There is no evidence of any fraud or collusion. The settlement was reached after negotiation and a Code of Civil Procedure section 998 offer.

Taking all of these factors into account, the Court finds that the settlement between Plaintiff and Atomic is in good faith under Code of Civil Procedure section 877.6. The amount of the settlement appears to be less than Atomic’s likely proportionate liability, but that is to be expected in a settlement, particularly the first settlement in a multi-defendant case. Although Atomic had additional insurance coverage available, nothing in Tech-Bilt or its progeny requires a party to exhaust all available insurance to obtain a good faith settlement determination.
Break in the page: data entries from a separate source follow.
lemma closed_orbits_eq_forward_orbits:
  assumes "0 < n"
  shows "closed_orbits S n = forward_orbit S ` {x. least_period S n x}"
proof (intro set_eqI iffI)
  fix A assume "A \<in> closed_orbits S n"
  then obtain x where x: "A = {(S ^^ k) x | k. k < n}" "(S ^^ n) x = x"
    "card {(S ^^ k) x | k. k < n} = n"
    unfolding closed_orbits_def by auto
  obtain k where k: "least_period S k x"
    using least_period_exists[OF assms x(2)] by blast
  have "k = card (forward_orbit S x)"
    using card_forward_orbit_least_period[OF k]
      forward_orbit_periodic[OF least_period_pos[OF k] least_period_funpow_self[OF k]]
    by simp
  also have "\<dots> = n"
    using x(3) forward_orbit_periodic[OF assms x(2)] by simp
  finally show "A \<in> forward_orbit S ` {x. least_period S n x}"
    using k x(1) forward_orbit_periodic[OF assms x(2)] by auto
next
  fix A assume "A \<in> forward_orbit S ` {x. least_period S n x}"
  then obtain x where x: "A = forward_orbit S x" "least_period S n x"
    by auto
  then show "A \<in> closed_orbits S n"
    using forward_orbit_periodic[OF assms least_period_funpow_self[OF x(2)]]
      card_forward_orbit_least_period[OF x(2)] least_period_funpow_self[OF x(2)]
    unfolding closed_orbits_def by (auto intro!: exI[of _ x])
qed

lemma finite_least_period: "finite (fixed_points S n) \<Longrightarrow> finite {x. least_period S n x}"
  unfolding fixed_points_def
  by (rule finite_subset[rotated]) (auto simp: least_period_funpow_self)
In sum, the parties challenging the requested determination of good faith have not met their burden of showing that this settlement is so far “out of the ballpark” as to be “grossly disproportionate to what a reasonable person, at the time of the settlement, would estimate the settling defendant’s liability to be.” (Tech-Bilt, supra, 38 Cal.3d at 499.)

Conclusion

 

The Court determines that the settlement between Plaintiff and Thomas Slater dba Atomic Concrete Pumping is in good faith under Code of Civil Procedure section 877.6.

 

Counsel for Thomas Slater dba Atomic Concrete Pumping is ordered to give notice.